Moreover, as conceded in the majority opinion (ante, p. 519-520), even if we regard the contract as providing for liquidated damages, it is presumptively valid and there is no showing of illegality. The amount of the note paid by plaintiffs and retained by defendants was less than 5 percent of the total purchase price and was negotiated in view of the length of the escrow. In addition to the hazard to defendants of keeping the land off the market for six months, there was evidence that at the time the agreement was made the parties knew that the value of the land might be affected by current exploration for oil, the selection of a location for a contemplated freeway, and the general trend from agricultural to commercial and residential uses of land in the area. Thus, not only was the amount to be retained by defendants shown to be reasonable, but it is also established that "it would be impracticable or extremely difficult to fix the actual damage." (Civ. Code, § 1671.) The validity of a liquidated damage provision is, of course, to be determined as a matter of law in the light of the facts known and unknown at the time the agreement was made. (McCarthy v. Tally (1956), 46 Cal.2d 577, 586-587 [10, 12] [297 P.2d 981]; Chastain v. Belmont (1954), 43 Cal.2d 45, 58  [271 P.2d 498]; Better Food Markets v. American Dist. Tel. Co. (1953), 40 Cal.2d 179, 185  [253 P.2d 10, 42 A.L.R.2d 580].) So tested, the agreement here is valid on any reasonable view of the facts.
To require owners who receive a reasonable down payment pursuant to a valid contract to sell their land, to thereafter await the possibility of facing a court judgment that they refund the down payment upon the mere caprice of the buyer who changes his mind and breaches his contract — thus having extracted a valuable consideration but actually having given nothing of value in return — would seem also to mean that the down payment becomes of little value in the hands of sellers, who perforce must preserve it in the form of liquid money on pain of having other assets levied on and sold at execution on the judgment in favor of the defaulting buyer. This is plainly not justice, nor should it be the law; yet it appears but to accent a trend in decisional law. (See Freedman v.

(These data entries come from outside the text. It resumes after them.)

lemma is_bpoly_bdx: "is_bpoly c \<Longrightarrow> is_bpoly (bdx c)"
proof -
  assume "is_bpoly c"
  moreover have "{m. bdx c m \<noteq> 0} \<subseteq> (\<lambda>(i,j). (i - 1, j)) ` {m. c m \<noteq> 0}"
    by (force simp: bdx_def intro: image_eqI[where x="(Suc _, _)"])
  ultimately show ?thesis
    unfolding is_bpoly_def by (meson finite_imageI finite_subset)
qed

lemma is_bpoly_bdy: "is_bpoly c \<Longrightarrow> is_bpoly (bdy c)"
proof -
  assume "is_bpoly c"
  moreover have "{m. bdy c m \<noteq> 0} \<subseteq> (\<lambda>(i,j). (i, j - 1)) ` {m. c m \<noteq> 0}"
    by (force simp: bdy_def intro: image_eqI[where x="(_, Suc _)"])
  ultimately show ?thesis
    unfolding is_bpoly_def by (meson finite_imageI finite_subset)
qed

lemma beval_bdx_origin: "is_bpoly c \<Longrightarrow> beval (bdx c) 0 0 = c (1,0)"
  using beval_origin[OF is_bpoly_bdx] by (simp add: bdx_def)

lemma beval_bdy_origin: "is_bpoly c \<Longrightarrow> beval (bdy c) 0 0 = c (0,1)"
  using beval_origin[OF is_bpoly_bdy] by (simp add: bdy_def)

lemma beval_bdx_plus_x:
  assumes "is_bpoly p"
  shows "beval (bdx (plus_x p)) x y = beval (bdx p) x y + 1"
proof -
  have "bdx (plus_x p) = (\<lambda>m. bdx p m + (if m = (0,0) then 1 else 0))"
    by (auto simp: bdx_def plus_x_def fun_eq_iff)
  then show ?thesis
    using assms by (simp add: beval_add is_bpoly_bdx is_bpoly_const_1 beval_const_1)
qed

lemma beval_bdy_plus_y:
  assumes "is_bpoly q"
  shows "beval (bdy (plus_y q)) x y = beval (bdy q) x y + 1"
proof -
  have "bdy (plus_y q) = (\<lambda>m. bdy q m + (if m = (0,0) then 1 else 0))"
    by (auto simp: bdy_def plus_y_def fun_eq_iff)
  then show ?thesis
    using assms by (simp add: beval_add is_bpoly_bdy is_bpoly_const_1 beval_const_1)
qed

lemma bdy_plus_x: "bdy (plus_x p) = bdy p"
  by (auto simp: bdy_def plus_x_def fun_eq_iff)

lemma bdx_plus_y: "bdx (plus_y q) = bdx q"
  by (auto simp: bdx_def plus_y_def fun_eq_iff)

The Rector (1951), 37 Cal.2d 16, 18-19, 22-23 [230 P.2d 629, 31 A.L.R.2d 1]; see also Jordan v. Talbot (1961), 55 Cal.2d 597, 611 [12 Cal.Rptr. 488, 361 P.2d 20].) It would seem also that a further and more far reaching effect of the instant judgment may well be to encourage other persons to breach their obligations whenever it may appear profitable, convenient, or otherwise desirable to them so to do.
I would reverse the judgment.
McComb, J., concurred.
Appellants' petition for a rehearing was denied September 20, 1961. Schauer, J., and McComb, J., were of the opinion that the petition should be granted.